“This here is bullshit. I gotta go to bed.” I made like I was going to turn away but I didn’t. I would have never knowingly turned my back on DeWitt Albright.
“Because, you see,” he continued, leaning slightly toward me, “I like to look very close at a man I kill if he believes in God. I want to see if death is different for a religious man.”
“Bide your time,” the voice whispered.
“I seen her,” I said.
I went to the chair in the living room. Sitting down took a great weight off me.
Albright’s henchmen moved close to me. They were roused, like hunting dogs expecting blood.
“Where?” DeWitt smiled. His eyes looked like those of the undead.
“She called me. Said that if I didn’t help her she’d tell the police about Coretta …”
“Coretta?”
“A dead girl, friend’a mine. She prob’ly the one that the police askin’ ’bout. She the one was with Frank an’ your girl,” I said. “Daphne gave me an address over on Dinker and I went there. Then she had me drive up in the Hollywood Hills to a dude’s house.”
“When was all this?”
“I just got back.”
“Where is she?”
“She took off.”
“Where is she?” His voice sounded as if it came from out of a well. It sounded dangerous and wild.

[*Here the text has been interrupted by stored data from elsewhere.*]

lemma pref_of_limits: "R z1 z2"
proof (rule ccontr)
  assume nR: "\<not> R z1 z2"
  then have "\<not> dominates z1 z2"
    using classical_dominates[OF rich_classical[OF D limits_in_domain(1)] limits_in_domain(2,3)]
    by blast
  have "\<forall>\<^sub>F n in sequentially. \<not> dominates (z1s n) (z2s n)"
  proof (cases "fst z2 < fst z1")
    case True
    then have "\<forall>\<^sub>F n in sequentially. fst (z2s n) < fst (z1s n)"
      using eventually_less_tendsto[OF tendsto_fst[OF t2] tendsto_fst[OF t1]] by blast
    then show ?thesis by eventually_elim (auto simp: dominates_def)
  next
    case False
    then have "snd z1 < snd z2" using \<open>\<not> dominates z1 z2\<close> by (auto simp: dominates_def)
    then have "\<forall>\<^sub>F n in sequentially. snd (z1s n) < snd (z2s n)"
      using eventually_less_tendsto[OF tendsto_snd[OF t1] tendsto_snd[OF t2]] by blast
    then show ?thesis by eventually_elim (auto simp: dominates_def)
  qed
  with eventually_not_point_less_12[OF nR] eventually_not_point_less_21[OF nR]
  have "\<forall>\<^sub>F n in sequentially. dominates (z2s n) (z1s n) \<and> z2s n \<noteq> z1s n"
    by eventually_elim (metis point_less_or_dominates dominates_def order_refl)
  then have "\<forall>\<^sub>F n in sequentially. False"
    by eventually_elim
      (use classical_dominates_strict[OF rich_classical[OF D Rs] z2s z1s] pref in blast)
  then show False by simp
qed

end

theorem mainTheorem3:
  fixes D :: "pref set" and Rs :: "nat \<Rightarrow> pref" and R :: pref
    and z1s z2s :: "nat \<Rightarrow> point" and z1 z2 :: point
  assumes "rich_single_crossing D"
    and "\<And>n. Rs n \<in> D" and "R \<in> D"
    and "limitin (order_top D) Rs R sequentially"
    and "\<And>n. z1s n \<in> ZZ" and "\<And>n. z2s n \<in> ZZ"
    and "z1s \<longlonglongrightarrow> z1" and "z2s \<longlonglongrightarrow> z2"
    and "\<And>n. indiff (Rs n) (z1s n) (z2s n)"
  shows "indiff R z1 z2"
proof -
  have "Rs n (z1s n) (z2s n)" "Rs n (z2s n) (z1s n)" for n
    using assms(9) unfolding indiff_def by blast+
  then have "R z1 z2" "R z2 z1"
    using pref_of_limits[OF assms(1,2,4,5,6,7,8)] pref_of_limits[OF assms(1,2,4,6,5,8,7)] by blast+
  then show ?thesis unfolding indiff_def by blast
qed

“I don’t know! When we found the body she split in his car!”
“What body?”
“Dude was dead when we got there.”
“What was this guy’s name?”
“Richard.”
“Richard what?”
“She just called him Richard, that’s all.” I saw no reason to tell him that Richard had been nosing around John’s place.
“You sure he was dead?”
“Had a knife right through his chest. There was a fly marchin’ right across his eye.” I felt bile in my throat remembering it. “Blood everywhere.”

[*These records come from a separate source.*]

lemma katona_card_eq:
  assumes k: "1 \<le> k" "2 * k < n" and W: "W \<subseteq> {..<n}" "arcs_meet n k W" "card W = k"
  shows "\<exists>p<n. W = {s. s < n \<and> fwd_dist n s p < k}"
proof -
  obtain s0 where "s0 \<in> W"
    using W(3) k by fastforce
  then obtain p where p: "p < n" "\<forall>t\<in>W. fwd_dist n t p < k"
    using katona_common_point[of k n W s0] assms by force
  then have sub: "W \<subseteq> {s. s < n \<and> fwd_dist n s p < k}"
    using W(1) by auto
  have "card {s. s < n \<and> fwd_dist n s p < k} \<le> k"
    using k p(1) arcs_meet_through_point by (intro katona_card_le[of k n]) auto
  then have "W = {s. s < n \<and> fwd_dist n s p < k}"
    using sub W(3) by (intro card_seteq) auto
  then show ?thesis
    using p(1) by blast
qed

section \<open>Arrangements of \<open>{..<n}\<close> around a circle and their arcs\<close>

definition circ_interval :: "nat \<Rightarrow> nat \<Rightarrow> nat \<Rightarrow> nat set" where
  "circ_interval n k s = {p. p < n \<and> fwd_dist n s p < k}"

definition arrangements :: "nat \<Rightarrow> nat list set" where
  "arrangements n = {xs. distinct xs \<and> set xs = {..<n}}"

definition arc :: "nat list \<Rightarrow> nat \<Rightarrow> nat \<Rightarrow> nat set" where
  "arc xs k s = (\<lambda>p. xs ! p) ` circ_interval (length xs) k s"

lemma card_circ_interval:
  assumes "k \<le> n" "s < n"
  shows "card (circ_interval n k s) = k"
proof -
  define f where "f i = (if s + i < n then s + i else s + i - n)" for i
  have "inj_on f {..<k}"
    using assms by (auto simp: f_def inj_on_def split: if_splits)
  moreover have "f ` {..<k} = circ_interval n k s"
  proof
    show "f ` {..<k} \<subseteq> circ_interval n k s"
      using assms by (auto simp: f_def circ_interval_def fwd_dist_def)
    show "circ_interval n k s \<subseteq> f ` {..<k}"
    proof
      fix p assume "p \<in> circ_interval n k s"
      then have p: "p < n" "fwd_dist n s p < k"
        by (auto simp: circ_interval_def)
      then have "f (fwd_dist n s p) = p"
        using assms by (auto simp: f_def fwd_dist_def)
      then show "p \<in> f ` {..<k}"
        using p(2) by (metis imageI lessThan_iff)
    qed
  qed
  ultimately show ?thesis
    by (metis card_image card_lessThan)
qed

“And you just let her go?” The threat in his voice was back so I got up and moved toward the kitchen for more coffee. I was so worried about one of them coming behind me that I bumped into the doorjamb trying to get through the door.

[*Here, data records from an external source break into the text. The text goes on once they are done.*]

lemma closure_sublevel_recentre:
  fixes G :: "'a::real_normed_vector \<Rightarrow> 'b::real_normed_vector"
  assumes "linear G" and ball: "ball y0 r \<subseteq> closure {z. norm (G z) \<le> K}" and "norm y < r"
  shows "y \<in> closure {z. norm (G z) \<le> 2 * K}"
  unfolding closure_approachable
proof (intro allI impI)
  fix e :: real
  assume "e > 0"
  have "0 < r"
    using \<open>norm y < r\<close> norm_ge_zero[of y] by linarith
  then have "y0 + y \<in> closure {z. norm (G z) \<le> K}" and "y0 \<in> closure {z. norm (G z) \<le> K}"
    using ball \<open>norm y < r\<close> by (auto simp: dist_norm)
  then obtain a b where a: "norm (G a) \<le> K" "dist a (y0 + y) < e / 2"
    and b: "norm (G b) \<le> K" "dist b y0 < e / 2"
    unfolding closure_approachable using half_gt_zero[OF \<open>e > 0\<close>] by blast
  have "norm (G (a - b)) \<le> 2 * K"
    using a(1) b(1) norm_triangle_ineq4[of "G a" "G b"] by (simp add: linear_diff[OF assms(1)])
  moreover have "a - b - y = (a - (y0 + y)) - (b - y0)"
    by (simp add: algebra_simps)
  then have "norm (a - b - y) \<le> norm (a - (y0 + y)) + norm (b - y0)"
    by (metis norm_triangle_ineq4)
  then have "dist (a - b) y < e"
    using a(2) b(2) by (simp add: dist_norm)
  ultimately show "\<exists>z\<in>{z. norm (G z) \<le> 2 * K}. dist z y < e"
    by blast
qed

lemma sublevel_closure_contains_ball:
  fixes G :: "'a::{real_normed_vector,complete_space} \<Rightarrow> 'b::real_normed_vector"
  assumes "linear G"
  obtains K r where "0 \<le> K" and "0 < r" and "\<And>y. norm y < r \<Longrightarrow> y \<in> closure {z. norm (G z) \<le> K}"
proof -
  define A where "A n = closure {y. norm (G y) \<le> real n}" for n
  have "y \<in> A (nat \<lceil>norm (G y)\<rceil>)" for y
    unfolding A_def by (rule closure_subset[THEN subsetD]) (simp add: real_nat_ceiling_ge)
  then have "(\<Union>n. A n) = UNIV"
    by blast
  moreover have "closed (A n)" for n
    by (simp add: A_def)
  ultimately obtain n where "interior (A n) \<noteq> {}"
    using Baire_closed_cover_has_interior by blast
  then obtain y0 where "y0 \<in> interior (A n)"
    by blast
  then obtain r where "0 < r" and "ball y0 r \<subseteq> A n"
    using open_contains_ball interior_subset by (metis open_interior subset_trans)
  then show ?thesis
    using that[of "2 * real n" r] closure_sublevel_recentre[OF assms] by (simp add: A_def)
qed

lemma linear_approximate_preimage:
  fixes G :: "'a::{real_normed_vector,complete_space} \<Rightarrow> 'b::real_normed_vector"
  assumes "linear G"
  obtains C where "0 \<le> C" and "\<And>y. \<exists>z. norm (y - z) \<le> norm y / 2 \<and> norm (G z) \<le> C * norm y"
proof -
  obtain K r where "0 \<le> K" "0 < r" and ball: "\<And>y. norm y < r \<Longrightarrow> y \<in> closure {z. norm (G z) \<le> K}"
    using sublevel_closure_contains_ball[OF assms] by blast
  have "\<exists>z. norm (y - z) \<le> norm y / 2 \<and> norm (G z) \<le> (2 * K / r) * norm y" for y
  proof (cases "y = 0")
    case True
    then show ?thesis
      by (intro exI[of _ 0]) (simp add: linear_0[OF assms])
  next
    case False
    define t where "t = r / (2 * norm y)"
    have "t > 0"
      using \<open>0 < r\<close> False by (simp add: t_def)
    have "norm (t *\<^sub>R y) < r"
      using \<open>0 < r\<close> False by (simp add: t_def)
    then have "t *\<^sub>R y \<in> closure {z. norm (G z) \<le> K}"
      by (rule ball)
    moreover have "r / 4 > 0"
      using \<open>0 < r\<close> by simp
    ultimately obtain s where s: "norm (G s) \<le> K" "dist s (t *\<^sub>R y) < r / 4"
      unfolding closure_approachable by blast
    have "y - s /\<^sub>R t = - ((s - t *\<^sub>R y) /\<^sub>R t)"
      using \<open>t > 0\<close> by (simp add: scaleR_diff_right)
    then have "norm (y - s /\<^sub>R t) = dist s (t *\<^sub>R y) / t"
      using \<open>t > 0\<close> by (simp add: dist_norm divide_inverse_commute)
    also have "\<dots> \<le> norm y / 2"
      using s(2) \<open>t > 0\<close> \<open>0 < r\<close> False by (simp add: t_def field_simps)
    finally have "norm (y - s /\<^sub>R t) \<le> norm y / 2" .
    moreover have "norm (G (s /\<^sub>R t)) \<le> (2 * K / r) * norm y"
      using s(1) \<open>t > 0\<close> \<open>0 < r\<close> False
      by (simp add: linear_scale[OF assms] t_def field_simps)
    ultimately show ?thesis
      by blast
  qed
  then show ?thesis
    using that[of "2 * K / r"] \<open>0 \<le> K\<close> \<open>0 < r\<close> by simp
qed

lemma geometric_half_tail_le: "(\<Sum>k\<in>{a<..b}. (1/2::real) ^ k) \<le> (1/2) ^ a"
proof -
  have "(\<Sum>k\<in>{a<..b}. (1/2::real) ^ k) = (if b < Suc a then 0 else (1/2) ^ a - (1/2) ^ b)"
    unfolding atLeastSucAtMost_greaterThanAtMost[symmetric] sum_gp by (simp add: field_simps)
  then show ?thesis
    by simp
qed

lemma geometric_half_dominated:
  fixes g :: "nat \<Rightarrow> 'b::{real_normed_vector,complete_space}"
  assumes g_le: "\<And>k. norm (g k) \<le> c * (1/2) ^ k"
  shows "summable g" and "norm (\<Sum>k. g k) \<le> 2 * c"
proof -
  have "0 \<le> c"
    using order_trans[OF norm_ge_zero g_le[of 0]] by simp
  have sum_le: "norm (\<Sum>k\<in>I. g k) \<le> c * (\<Sum>k\<in>I. (1/2) ^ k)" for I
    using sum_norm_le[of I g "\<lambda>k. c * (1/2) ^ k"] g_le by (simp add: sum_distrib_left)
  show "summable g"
  proof (rule summable_bounded_partials)
    have "norm (\<Sum>k\<in>{a<..b}. g k) \<le> c * (1/2) ^ a" for a b
      using order_trans[OF sum_le mult_left_mono[OF geometric_half_tail_le \<open>0 \<le> c\<close>]] .
    then show "\<forall>\<^sub>F a0 in sequentially. \<forall>a\<ge>a0. \<forall>b>a. norm (\<Sum>k\<in>{a<..b}. g k) \<le> c * (1/2) ^ a"
      by simp
    show "(\<lambda>a. c * (1/2::real) ^ a) \<longlonglongrightarrow> 0"
      by (intro tendsto_mult_right_zero LIMSEQ_power_zero) simp
  qed
  show "norm (\<Sum>k. g k) \<le> 2 * c"
  proof (rule LIMSEQ_le_const2[OF tendsto_norm[OF summable_LIMSEQ[OF \<open>summable g\<close>]]], intro exI allI impI)
    fix m
    have "(\<Sum>k<m. (1/2::real) ^ k) \<le> 2"
      by (simp add: sum_gp_strict)
    then show "norm (\<Sum>k<m. g k) \<le> 2 * c"
      using order_trans[OF sum_le mult_left_mono[of _ 2 c]] \<open>0 \<le> c\<close> by (simp add: mult.commute)
  qed
qed

lemma successive_approximation:
  fixes G :: "'a::real_normed_vector \<Rightarrow> 'b::real_normed_vector"
  assumes "0 \<le> C" and approx: "\<And>y. \<exists>z. norm (y - z) \<le> norm y / 2 \<and> norm (G z) \<le> C * norm y"
  obtains z where "(\<lambda>m. \<Sum>k<m. z k) \<longlonglongrightarrow> y" and "\<And>k. norm (G (z k)) \<le> C * norm y * (1/2) ^ k"
proof -
  have "\<forall>v. \<exists>z. norm (v - z) \<le> norm v / 2 \<and> norm (G z) \<le> C * norm v"
    using approx by blast
  then obtain f where f: "\<And>v. norm (v - f v) \<le> norm v / 2" "\<And>v. norm (G (f v)) \<le> C * norm v"
    unfolding choice_iff by blast
  define r where "r k = ((\<lambda>v. v - f v) ^^ k) y" for k
  have r_Suc: "r (Suc k) = r k - f (r k)" for k
    by (simp add: r_def)
  have r_le: "norm (r k) \<le> norm y * (1/2) ^ k" for k
  proof (induction k)
    case (Suc k)
    have "norm (r (Suc k)) \<le> norm (r k) / 2"
      using f(1) by (simp add: r_Suc)
    also have "\<dots> \<le> norm y * (1/2) ^ Suc k"
      using Suc by simp
    finally show ?case .
  qed (simp add: r_def)
  have "(\<lambda>k. norm y * (1/2::real) ^ k) \<longlonglongrightarrow> 0"
    by (intro tendsto_mult_right_zero LIMSEQ_power_zero) simp
  moreover have "\<forall>\<^sub>F k in sequentially. norm (r k) \<le> norm (norm y * (1/2::real) ^ k)"
    using r_le by simp
  ultimately have "r \<longlonglongrightarrow> 0"
    by (rule Lim_transform_bound[rotated])
  moreover have "(\<Sum>k<m. f (r k)) = y - r m" for m
    by (induction m) (simp_all add: r_def[of 0] r_Suc)
  ultimately have "(\<lambda>m. \<Sum>k<m. f (r k)) \<longlonglongrightarrow> y"
    using tendsto_diff[OF tendsto_const, of r 0 sequentially y] by simp
  moreover have "norm (G (f (r k))) \<le> C * norm y * (1/2) ^ k" for k
    using order_trans[OF f(2) mult_left_mono[OF r_le \<open>0 \<le> C\<close>]] by (simp add: mult.assoc)
  ultimately show ?thesis
    using that by blast
qed

lemma closed_graph_norm_bound:
  fixes G :: "'a::{real_normed_vector,complete_space} \<Rightarrow> 'b::{real_normed_vector,complete_space}"
  assumes "linear G" and "0 \<le> C"
    and approx: "\<And>y. \<exists>z. norm (y - z) \<le> norm y / 2 \<and> norm (G z) \<le> C * norm y"
    and closed_graph: "\<And>x y xs. xs \<longlonglongrightarrow> x \<Longrightarrow> (\<lambda>k. G (xs k)) \<longlonglongrightarrow> y \<Longrightarrow> G x = y"
  shows "norm (G y) \<le> 2 * C * norm y"
proof -
  obtain z where z_lim: "(\<lambda>m. \<Sum>k<m. z k) \<longlonglongrightarrow> y"
    and Gz_le: "\<And>k. norm (G (z k)) \<le> C * norm y * (1/2) ^ k"
    using successive_approximation[OF \<open>0 \<le> C\<close> approx] by blast
  have "(\<lambda>m. \<Sum>k<m. G (z k)) \<longlonglongrightarrow> (\<Sum>k. G (z k))"
    using summable_LIMSEQ[OF geometric_half_dominated(1)[OF Gz_le]] .
  then have "(\<lambda>m. G (\<Sum>k<m. z k)) \<longlonglongrightarrow> (\<Sum>k. G (z k))"
    by (simp add: linear_sum[OF \<open>linear G\<close>])
  with z_lim have "G y = (\<Sum>k. G (z k))"
    by (rule closed_graph)
  then show ?thesis
    using geometric_half_dominated(2)[OF Gz_le] by (simp add: mult.assoc)
qed

theorem closed_graph_imp_bounded_linear:
  fixes G :: "'a::{real_normed_vector,complete_space} \<Rightarrow> 'b::{real_normed_vector,complete_space}"
  assumes "linear G"
    and closed_graph: "\<And>x y xs. xs \<longlonglongrightarrow> x \<Longrightarrow> (\<lambda>k. G (xs k)) \<longlonglongrightarrow> y \<Longrightarrow> G x = y"
  shows "bounded_linear G"
proof -
  obtain C where "0 \<le> C" "\<And>y. \<exists>z. norm (y - z) \<le> norm y / 2 \<and> norm (G z) \<le> C * norm y"
    using linear_approximate_preimage[OF assms(1)] by blast
  then have "norm (G y) \<le> norm y * (2 * C)" for y
    using closed_graph_norm_bound[OF assms(1)] closed_graph by (simp add: mult.commute)
  then show ?thesis
    by (intro bounded_linear_intro[where K = "2 * C"])
      (simp_all add: linear_add[OF assms(1)] linear_scale[OF assms(1)])
qed

section \<open>Closed densely defined operators with closed range\<close>

locale closed_range_operator =
  fixes D :: "'a::{real_inner,complete_space} set" and T :: "'a \<Rightarrow> 'a"
  assumes subspace_dom: "subspace D"
    and add: "\<And>x y. x \<in> D \<Longrightarrow> y \<in> D \<Longrightarrow> T (x + y) = T x + T y"
    and scale: "\<And>c x. x \<in> D \<Longrightarrow> T (c *\<^sub>R x) = c *\<^sub>R T x"
    and dense_dom: "closure D = UNIV"
    and closed_graph: "closed {(x, T x) | x. x \<in> D}"
    and closed_range: "closed (T ` D)"
begin

definition N :: "'a set" where "N = {x \<in> D. T x = 0}"
definition R :: "'a set" where "R = T ` D"

lemma zero_in_dom: "0 \<in> D"
  using subspace_dom subspace_0 by blast

lemma T_0: "T 0 = 0"
  using scale[OF zero_in_dom, of 0] by simp

lemma add_in_dom: "x \<in> D \<Longrightarrow> y \<in> D \<Longrightarrow> x + y \<in> D"
  using subspace_dom subspace_add by blast

lemma scale_in_dom: "x \<in> D \<Longrightarrow> c *\<^sub>R x \<in> D"
  using subspace_dom subspace_scale by blast

lemma diff_in_dom: "x \<in> D \<Longrightarrow> y \<in> D \<Longrightarrow> x - y \<in> D"
  using subspace_dom subspace_diff by blast

lemma T_diff:
  assumes "x \<in> D" and "y \<in> D"
  shows "T (x - y) = T x - T y"
proof -
  have "T (x - y) + T y = T x"
    using add[OF diff_in_dom[OF assms] assms(2)] by simp
  then show ?thesis
    by (simp add: eq_diff_eq)
qed

lemma closed_graphD:
  assumes "\<And>k. xs k \<in> D" and "xs \<longlonglongrightarrow> x" and "(\<lambda>k. T (xs k)) \<longlonglongrightarrow> y"
  shows "x \<in> D" and "T x = y"
proof -
  have "(xs k, T (xs k)) \<in> {(x, T x) | x. x \<in> D}" for k
    using assms(1) by blast
  moreover have "(\<lambda>k. (xs k, T (xs k))) \<longlonglongrightarrow> (x, y)"
    using assms(2,3) by (rule tendsto_Pair)
  ultimately have "(x, y) \<in> {(x, T x) | x. x \<in> D}"
    by (rule closed_sequentially[OF closed_graph])
  then show "x \<in> D" "T x = y"
    by auto
qed

sublocale ker: closed_subspace N
proof
  show "subspace N"
    unfolding subspace_def N_def
    using zero_in_dom T_0 add scale add_in_dom scale_in_dom by simp
  show "closed N"
  proof (rule closed_sequential_limits[THEN iffD2], intro allI impI)
    fix xs x
    assume "(\<forall>k. xs k \<in> N) \<and> xs \<longlonglongrightarrow> x"
    then show "x \<in> N"
      using closed_graphD[of xs x 0] by (simp add: N_def)
  qed
qed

“Bide your time,” the voice whispered again.
“You din’t hire me fo’ no kidnappin’. The girl grabbed his keys and split. What you want me to do?”
“You call the cops?”
“I tried my best to keep in the speed limit. That’s all I did.”
“Now I’m going to ask you something, Easy.” His gaze held my eye. “And I don’t want you to make any mistakes. Not right now.”
“Go on.”
“Did she take anything with her? A bag or a suitcase?”
“She had a ole brown suitcase. She put it in his trunk.”
DeWitt’s eyes brightened and all the tension went out of his shoulders. “What kind of car was that?”
“Forty-eight Studebaker. Pink job.”
“Where’d she go? Remember, now, you’re still telling me everything.”
“All she said was she was gonna park it somewheres, but she didn’t say where.”
“What’s that address she was at?”
“Twenty-six—”
He waved at me impatiently and, to my shame, I flinched.
“Write it down,” he said.
I got paper from the drawer of my end table.
He sat across from me on the couch scrutinizing that little slip of paper. He had his knees wide apart.
“Get me some whiskey, Easy,” he said.
“Get it yourself,” the voice said.
“Get it yourself,” I said. “Bottle’s in the cabinet.”
DeWitt Albright looked up at me, and a big grin slowly spread across his face. He laughed and slapped his knee and said, “Well, I’ll be damned.”
I just looked at him. I was ready to die but I was going to go down fighting.
“Get us a drink, will you, Manny?” The little man moved quickly to the cabinet. “You know, Easy, you’re a brave man. And I need a brave man working for me.” His drawl got thicker as he talked. “I’ve already paid you, right?”
I nodded.
“Well, the way I figure it, Frank Green is the key. She will be around him or he will know where she’s gone to. So I want you to find this gangster for me. I want you to set me up to meet him. That’s all. Once I meet him then I’ll know what to say. You find Frank Green for me and we’re quits.”
“Quits?”
“All our business, Easy. You keep your money and I leave you alone.”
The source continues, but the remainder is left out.